Yosemite ValleyValley Accommodations
    Accommodations in the Yosemite Valley range from the venerable 75-year-old Ahwahnee Hotel, where rooms start at over $350 a night, to the Canvas Tent Cabins (shared baths) of Camp Curry at $64.00. Camp Curry also has regular cabins and standard rooms. 
Moderately priced is Yosemite Lodge where rooms run from about $100-$150 per night. The Lodge is walking distance of the valley’s most notable landmark, Yosemite Falls, a remarkable two-tiered drop which plunges 2,425 feet onto the valley floor, making it North America’s tallest waterfall. 
    There are also campgrounds in the park and the old Hotel Wawona that resembles an antebellum estate down near the south entrance. Regardless of the accommodations you’re interested in, it is best to book early, early like the year before. Most in-park lodging is booked a year in advance. 
    For a life-long southern Californian like me, I might add that those tent cabins at Camp Curry can get awfully cold at night. It was quite a contrast following a couple nights of creature comforts at Tenaya Lodge.

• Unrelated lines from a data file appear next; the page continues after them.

lemma near_identity_norm1_mat_inv_mult_vec:
  assumes M: "near_identity_mat M m g" and small: "real m * g \<le> 1/2" and v: "v \<in> carrier_vec m"
  shows "norm1_vec (mat_inv M *\<^sub>v v) \<le> 2 * norm1_vec v"
proof -
  note Mc = near_identityD(2)[OF M]
  have d: "det M \<noteq> 0" using near_identity_det_nonzero[OF M] small by simp
  have "(1 - real m * g) * norm1_vec (mat_inv M *\<^sub>v v) \<le> norm1_vec v"
    using near_identity_norm1_le_mult_vec[OF M, of "mat_inv M *\<^sub>v v"]
      mat_inv_correct(1)[OF Mc d] mult_mat_inv_mult_vec[OF Mc d v] small v by simp
  moreover have "1/2 * norm1_vec (mat_inv M *\<^sub>v v) \<le> (1 - real m * g) * norm1_vec (mat_inv M *\<^sub>v v)"
    using small norm1_vec_nonneg by (intro mult_right_mono) auto
  ultimately show ?thesis by simp
qed

section \<open>Real symmetric matrices have real eigenvalues\<close>

lemma complexified_mult_mat_vec_Re:
  fixes M :: "real mat"
  assumes M: "M \<in> carrier_mat m m" and v: "v \<in> carrier_vec m"
  shows "map_vec Re (map_mat complex_of_real M *\<^sub>v v) = M *\<^sub>v map_vec Re v"
    and "map_vec Im (map_mat complex_of_real M *\<^sub>v v) = M *\<^sub>v map_vec Im v"
  using M v by (auto intro!: eq_vecI simp: scalar_prod_def)

lemma eigenvalue_of_complexified_eigenvalue:
  fixes M :: "real mat"
  assumes M: "M \<in> carrier_mat m m"
    and ev: "eigenvalue (map_mat complex_of_real M) (complex_of_real r)"
  shows "eigenvalue M r"
proof -
  obtain v where v: "v \<in> carrier_vec m" "v \<noteq> 0\<^sub>v m"
    and eq: "map_mat complex_of_real M *\<^sub>v v = complex_of_real r \<cdot>\<^sub>v v"
    using ev M unfolding eigenvalue_def eigenvector_def by auto
  have re: "M *\<^sub>v map_vec Re v = r \<cdot>\<^sub>v map_vec Re v"
    unfolding complexified_mult_mat_vec_Re(1)[OF M v(1), symmetric] eq by (rule eq_vecI) simp_all
  have im: "M *\<^sub>v map_vec Im v = r \<cdot>\<^sub>v map_vec Im v"
    unfolding complexified_mult_mat_vec_Re(2)[OF M v(1), symmetric] eq by (rule eq_vecI) simp_all
  have "map_vec Re v \<noteq> 0\<^sub>v m \<or> map_vec Im v \<noteq> 0\<^sub>v m"
  proof (rule ccontr)
    assume "\<not> ?thesis"
    hence "Re (v $ i) = 0 \<and> Im (v $ i) = 0" if "i < m" for i
      using that v(1) by (metis carrier_vecD index_map_vec index_zero_vec(1))
    hence "v = 0\<^sub>v m" using v(1) by (intro eq_vecI) (simp_all add: complex_eq_iff)
    thus False using v(2) by simp
  qed
  moreover have "map_vec Re v \<in> carrier_vec m" "map_vec Im v \<in> carrier_vec m"
    using v(1) by simp_all
  ultimately show ?thesis
    using re im M unfolding eigenvalue_def eigenvector_def by (metis carrier_matD(1))
qed
(* Let $n\ge1$ and $p$ a prime. The quotient $\Sigma(n,p)/\mathcal{R}(n,p)$ of the $p$-modular descent algebra by its radical is commutative.
   Context: A composition of $n$ is a sequence of positive integers with sum $n$. The descent algebra $\Sigma_n$ has basis $\{B_q\}$ indexed by compositions of $n$ with multiplication $B_qB_r=\sum_{Z\in S(q,r)}B_{c(Z)}$, where for $q=[a_1,\dots,a_s]$, $r=[b_1,\dots,b_t]$, $S(q,r)$ is the set of $s\times t$ non-negative integer matrices with row sums $a_i$ and column sums $b_j$, and $c(Z)$ is the composition obtained by reading the entries of $Z$ row by row and omitting zeros. Let $\mathcal{Z}_n$ be the subring of integral combinations of the $B_q$ and $\Sigma(n,p)=\mathcal{Z}_n/p\mathcal{Z}_n$ (the $p$-modular descent algebra), an $\mathbb{F}_p$-algebra with basis $\overline{B}_q$ (images of the $B_q$). $\mathcal{R}(n,p)$ denotes the (Jacobson) radical of $\Sigma(n,p)$. *)

theory Defs
  imports "HOL-Algebra.Algebra"
begin

definition compositions :: "nat \<Rightarrow> nat list set" where
  "compositions n = {q. (\<forall>a\<in>set q. 0 < a) \<and> sum_list q = n}"

definition S_mat :: "nat list \<Rightarrow> nat list \<Rightarrow> nat list list set" where
  "S_mat q r = {Z. length Z = length q
      \<and> (\<forall>i<length q. length (Z!i) = length r \<and> sum_list (Z!i) = q!i)
      \<and> (\<forall>j<length r. (\<Sum>i<length q. Z!i!j) = r!j)}"

definition comp_of :: "nat list list \<Rightarrow> nat list" where
  "comp_of Z = filter (\<lambda>x. x \<noteq> 0) (concat Z)"
(* In the two-source game ($m=2$) with $n_1\ge n_2$ and $n=n_1+n_2$, if $n_1\bar q<q\mu/\phi+n_2+\bar q$ and $q>\frac{2}{n}$, then the unique (pure) Nash equilibrium is the profile in which all users choose the direct path, i.e., $u_1=n_1$, $u_2=n_2$.
   Context: Two-source network: sources $s_1,s_2$ and destination $d$; source $s_i$ has a set $N_i$ of $n_i$ users. Each user generates an independent Poisson flow of packets of rate $\phi>0$; each direct link $(s_i,d)$ has service rate $\mu>0$; the sidelink between $s_1$ and $s_2$ loses packets independently with probability $q\in[0,1]$, and $\bar q=1-q$. Only pure strategies: a user of $N_1$ chooses DP $(s_1,d)$ or IP $(s_1,s_2,d)$; a user of $N_2$ chooses DP $(s_2,d)$ or IP $(s_2,s_1,d)$. With $u_i$ users of $N_i$ on DP, $T_1=u_1\phi+(n_2-u_2)\bar q\phi$, $T_2=u_2\phi+(n_1-u_1)\bar q\phi$. The loss rate of a user of $N_i$ is $\phi\frac{T_i}{T_i+\mu}$ on DP and $\phi\left(q+\bar q\frac{T_j}{T_j+\mu}\right)$ on IP to $s_j$. A Nash equilibrium is a pure profile in which no user can strictly decrease its loss rate by unilaterally switching its route. *)

theory Defs
  imports Complex_Main
begin

text \<open>Users of N_1 are indexed by i < n1, users of N_2 by i < n2.
  A pure profile is a pair (d1, d2) of boolean functions; d1 i = True means
  user i of N_1 uses its direct path (s_1,d), False means the indirect path
  (s_1,s_2,d); similarly for d2. Values outside the index ranges are irrelevant.\<close>

definition num_dp :: "nat \<Rightarrow> (nat \<Rightarrow> bool) \<Rightarrow> nat" where
  "num_dp n d = card {i. i < n \<and> d i}"

definition traffic1 :: "nat \<Rightarrow> nat \<Rightarrow> real \<Rightarrow> real \<Rightarrow> (nat \<Rightarrow> bool) \<Rightarrow> (nat \<Rightarrow> bool) \<Rightarrow> real" where
  "traffic1 n1 n2 \<phi> q d1 d2 =
     real (num_dp n1 d1) * \<phi> + real (n2 - num_dp n2 d2) * (1 - q) * \<phi>"

definition traffic2 :: "nat \<Rightarrow> nat \<Rightarrow> real \<Rightarrow> real \<Rightarrow> (nat \<Rightarrow> bool) \<Rightarrow> (nat \<Rightarrow> bool) \<Rightarrow> real" where
  "traffic2 n1 n2 \<phi> q d1 d2 =
     real (num_dp n2 d2) * \<phi> + real (n1 - num_dp n1 d1) * (1 - q) * \<phi>"

definition loss1 :: "nat \<Rightarrow> nat \<Rightarrow> real \<Rightarrow> real \<Rightarrow> real \<Rightarrow> (nat \<Rightarrow> bool) \<Rightarrow> (nat \<Rightarrow> bool) \<Rightarrow> nat \<Rightarrow> real" where
  "loss1 n1 n2 \<phi> \<mu> q d1 d2 i =
     (let T1 = traffic1 n1 n2 \<phi> q d1 d2; T2 = traffic2 n1 n2 \<phi> q d1 d2 in
      if d1 i then \<phi> * (T1 / (T1 + \<mu>))
      else \<phi> * (q + (1 - q) * (T2 / (T2 + \<mu>))))"
lemma degree_circulant_le:
  assumes "s < p" shows "degree (circulant p s) (v::nat) \<le> 2 * s"
proof -
  have "neighbours (circulant p s) v
      \<subseteq> (\<lambda>k. (v + k) mod p) ` {1..s} \<union> (\<lambda>k. (v + p - k) mod p) ` {1..s}" (is "_ \<subseteq> ?N")
  proof
    fix w assume "w \<in> neighbours (circulant p s) v"
    then obtain a k where ak: "{v, w} = {a, (a + k) mod p}" "a < p" "k \<in> {1..s}"
      by (auto simp: circulant_def)
    then consider "v = a" "w = (a + k) mod p" | "w = a" "v = (a + k) mod p"
      by (auto simp: doubleton_eq_iff)
    then show "w \<in> ?N"
    proof cases
      case 1
      then show ?thesis using ak(3) by auto
    next
      case 2
      then have "w = (v + p - k) mod p"
        using ak assms by (cases "a + k < p") (auto simp: add_mod_eq_if)
      then show ?thesis using ak(3) by auto
    qed
  qed
  then have "degree (circulant p s) v \<le> card ?N" by (rule card_mono[rotated]) auto
  also have "\<dots> \<le> card ((\<lambda>k. (v + k) mod p) ` {1..s}) + card ((\<lambda>k. (v + p - k) mod p) ` {1..s})"
    by (rule card_Un_le)
  also have "\<dots> \<le> s + s" using card_image_le[of "{1..s}"] by (intro add_mono) auto
  finally show ?thesis by simp
qed


lemma simple_graph_antipodal_matching: "simple_graph {0..<p} (antipodal_matching p)"
  unfolding simple_graph_def antipodal_matching_def by auto
lemma sat_at_iota_can_iff_provable:
  "\<phi> \<in> fml_set Ops ar Cs Xs
    \<Longrightarrow> sat_at (term_alg Ops ar Cs Xs \<Lambda>) (iota_can Ops ar Cs Xs \<Lambda>) \<phi> \<longleftrightarrow> provable Ops ar Cs Xs \<Lambda> \<phi>"
  using sat_at_term_alg_iff_provable[of \<phi> Var]
  by (simp add: fsubst_Var iota_can_def term_set.var)

lemma valid_term_alg_iff_provable:
  assumes "\<phi> \<in> fml_set Ops ar Cs Xs"
  shows "valid Xs (term_alg Ops ar Cs Xs \<Lambda>) \<phi> \<longleftrightarrow> provable Ops ar Cs Xs \<Lambda> \<phi>"
proof
  assume "valid Xs (term_alg Ops ar Cs Xs \<Lambda>) \<phi>"
  then show "provable Ops ar Cs Xs \<Lambda> \<phi>"
    using assignment_iota_can sat_at_iota_can_iff_provable[OF assms] by (simp add: valid_def)
next
  assume "provable Ops ar Cs Xs \<Lambda> \<phi>"
  then show "valid Xs (term_alg Ops ar Cs Xs \<Lambda>) \<phi>"
    unfolding valid_def
    by (metis assignment_term_alg_representatives sat_at_term_alg_iff_provable[OF assms]
        provable_fsubst)
qed

lemma sat_at_term_alg_iff_provable_section:
  assumes "assignment Xs (term_alg Ops ar Cs Xs \<Lambda>) \<iota>"
    and "\<forall>A\<in>term_set Ops ar Cs Xs // prov_eq Ops ar Cs Xs \<Lambda>.
           \<sigma> A \<in> term_set Ops ar Cs Xs \<and> prov_eq Ops ar Cs Xs \<Lambda> `` {\<sigma> A} = A"
    and "\<phi> \<in> fml_set Ops ar Cs Xs"
  shows "sat_at (term_alg Ops ar Cs Xs \<Lambda>) \<iota> \<phi> \<longleftrightarrow> provable Ops ar Cs Xs \<Lambda> (fsubst (\<sigma> \<circ> \<iota>) \<phi>)"
  using assms sat_at_term_alg_iff_provable[of \<phi> "\<sigma> \<circ> \<iota>" \<iota>]
  by (simp add: assignment_def carrier_term_alg)

lemma is_model_term_alg:
  assumes "fuzzy_theory Ops ar Cs Xs \<Lambda>"
  shows "is_model Xs (term_alg Ops ar Cs Xs \<Lambda>) \<Lambda>"
  unfolding is_model_def sat_seq_def
proof (intro ballI allI impI)
  fix s \<iota>
  assume s: "s \<in> \<Lambda>" and \<iota>: "assignment Xs (term_alg Ops ar Cs Xs \<Lambda>) \<iota>"
    and \<Gamma>_holds: "\<forall>\<phi>\<in>fst s. sat_at (term_alg Ops ar Cs Xs \<Lambda>) \<iota> \<phi>"
  obtain \<Gamma> \<psi> where s_eq: "s = (\<Gamma>, \<psi>)" by (cases s)
  have \<Gamma>: "\<Gamma> \<subseteq> fml_set Ops ar Cs Xs" and \<psi>: "\<psi> \<in> fml_set Ops ar Cs Xs"
    using assms s s_eq unfolding fuzzy_theory_def by auto
  obtain \<tau> where \<tau>: "\<forall>x\<in>Xs. \<tau> x \<in> term_set Ops ar Cs Xs \<and> prov_eq Ops ar Cs Xs \<Lambda> `` {\<tau> x} = \<iota> x"
    using assignment_term_alg_representatives[OF \<iota>] .
  have "(fsubst \<tau> ` \<Gamma>, fsubst \<tau> \<psi>) \<in> deriv Ops ar Cs Xs \<Lambda>"
    using \<tau> s s_eq by (intro deriv.Sub) (auto intro: deriv.Thy)
  moreover have "\<forall>\<phi>\<in>fsubst \<tau> ` \<Gamma>. ({}, \<phi>) \<in> deriv Ops ar Cs Xs \<Lambda>"
    using \<Gamma>_holds \<Gamma> sat_at_term_alg_iff_provable[OF _ \<tau>] s_eq
    by (auto simp: provable_def)
  ultimately have "provable Ops ar Cs Xs \<Lambda> (fsubst \<tau> \<psi>)"
    unfolding provable_def by (blast intro: deriv.Cut)
  then show "sat_at (term_alg Ops ar Cs Xs \<Lambda>) \<iota> (snd s)"
    using sat_at_term_alg_iff_provable[OF \<psi> \<tau>] s_eq by simp
qed

end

    The Camp Curry experience is for many, the Yosemite experience. This is where for decades visitors gathered each night to see the famous firefalls, a huge conflagration shoved off Glacier Point. This was Yosemite’s most popular program before huge crowds and progress rendered it impractical to continue. Today’s visitors can view a film of “what it was like.” When I was a kid the firefalls remain my strongest and most impressive memory of Yosemite. 

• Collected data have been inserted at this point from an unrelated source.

lemma sub_orientation_outflow_missing_species:
  assumes len: "length rs = n" "length sp = n"
    and k: "k < n" and rk: "rs ! k = outflow_reaction t" and t: "t \<notin> set sp"
  shows "sub_orientation rs sp = 0"
proof -
  let ?M = "sub_reactant_matrix rs sp"
  have "?M = mat\<^sub>r n n (\<lambda>i. if i = k then 0\<^sub>v n else row ?M i)"
    using len k rk t
    by (intro eq_matI) (auto simp: sub_reactant_matrix_def outflow_reaction_def unit_cplx_def)
  moreover have "det (mat\<^sub>r n n (\<lambda>i. if i = k then 0\<^sub>v n else row ?M i)) = 0"
    by (rule det_row_0[OF k]) (use len in \<open>auto simp: sub_reactant_matrix_def\<close>)
  ultimately show ?thesis unfolding sub_orientation_def by simp
qed

text \<open>Iterating (2): appending the outflows of fresh species as new rows and columns
  leaves the sub-orientation unchanged.\<close>

lemma sub_orientation_append_outflows:
  assumes "distinct (sp @ T)" "length rs = length sp"
  shows "sub_orientation (rs @ map outflow_reaction T) (sp @ T) = sub_orientation rs sp"
  using assms
proof (induction T rule: rev_induct)
  case Nil
  then show ?case by simp
next
  case (snoc t T)
  let ?rs = "rs @ map outflow_reaction T" and ?sp = "sp @ T"
  have "sub_orientation (?rs @ [outflow_reaction t]) (?sp @ [t]) =
        sub_orientation (delete_at (length ?sp) (?rs @ [outflow_reaction t]))
                        (delete_at (length ?sp) (?sp @ [t]))"
    by (rule sub_orientation_delete_outflow[where n="Suc (length ?sp)"])
       (use snoc.prems in \<open>auto simp: nth_append\<close>)
  also have "\<dots> = sub_orientation ?rs ?sp" using snoc.prems by (simp add: delete_at_def)
  also have "\<dots> = sub_orientation rs sp" using snoc by simp
  finally show ?case by simp
qed

text \<open>The 1x1 case: this sign is negative exactly when the reaction is self-catalyzing in
  the chosen species.\<close>

lemma sub_orientation_single:
  "sub_orientation [r] [j] = sgn (int (fst r j) * (int (fst r j) - int (snd r j)))"
  unfolding sub_orientation_def
  by (simp add: det_single sub_reactant_matrix_def sub_reaction_matrix_def)

definition missing_species :: "nat \<Rightarrow> nat list \<Rightarrow> nat list" where
  "missing_species s sp = filter (\<lambda>i. i \<notin> set sp) [0..<s]"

    This time I joined a two-hour valley floor tour in an open-air tram in which a ranger pointed out sights and lore of Yosemite. 
    There’re many activities emanating from the Camp Curry area. I’d signed up for a horseback ride to Mirror Lake and a river raft ride down the tranquil Merced River. This was not an adrenaline pumping Class IV or V rapids, rather a leisurely float where each bend offers yet different views of the spectacular granite rocks, waterfalls and peaks. 
    There are so many bicyclists enjoying the valley floor it reminded me of China during the “Cultural Revolution.”
    Yosemite National Park contains some 840 miles of hiking trails, from short quarter-mile walks to Yosemite Falls to the backpacking trails of the high country. The Mist Trail to Nevada Falls and Vernal Falls is one of the most popular. 
    A couple of my colleagues did the 8.5-mile Panorama Trail. They took the Hikers Bus to Glacier Point, and hiked back down to the valley floor. Another challenging hike is to the top of Half Dome via a 17- mile roundtrip climb which goes up the back side of 
the famous sheared sphere. 
   While hikers and bikers are omnipresent, rock climbers from around the world have declared Yosemite their “Mecca.” This rock climbers’ paradise features sheer granite cliffs, from beginner climbing to the massive (3,593 feet from base to summit) El Capitan. 
    Climbers are everywhere clinging to the vertical walls. Tram rangers, in contrast to days of old when they pointed out flora and fauna, now add climbers to their repertoire. The tram would stop so we could see little red or yellow specks high up the granite cliffs.

Fly fishing the Merced RiverA Drama Unfolded
    Later that day I saw a drama unfold as I came upon fire trucks with lights blinking, and emergency personnel parked in a meadow near the base of El Capitan. I stopped and joined a number of people all focused on the wall. A helicopter whumped whumped overhead and landed next to me in the meadow. 
    The chopper pilot informed me that a climber had broken his ankle high up and had already been rescued from a team at the top. “I’m going up there now to get him down. I can’t understand people crazy enough to climb these sheer rocks, but I make rescues all summer long,” he said. Some climbers are not so lucky; while thousands successfully climb Yosemite each year, 2.5 climbers lose their lives.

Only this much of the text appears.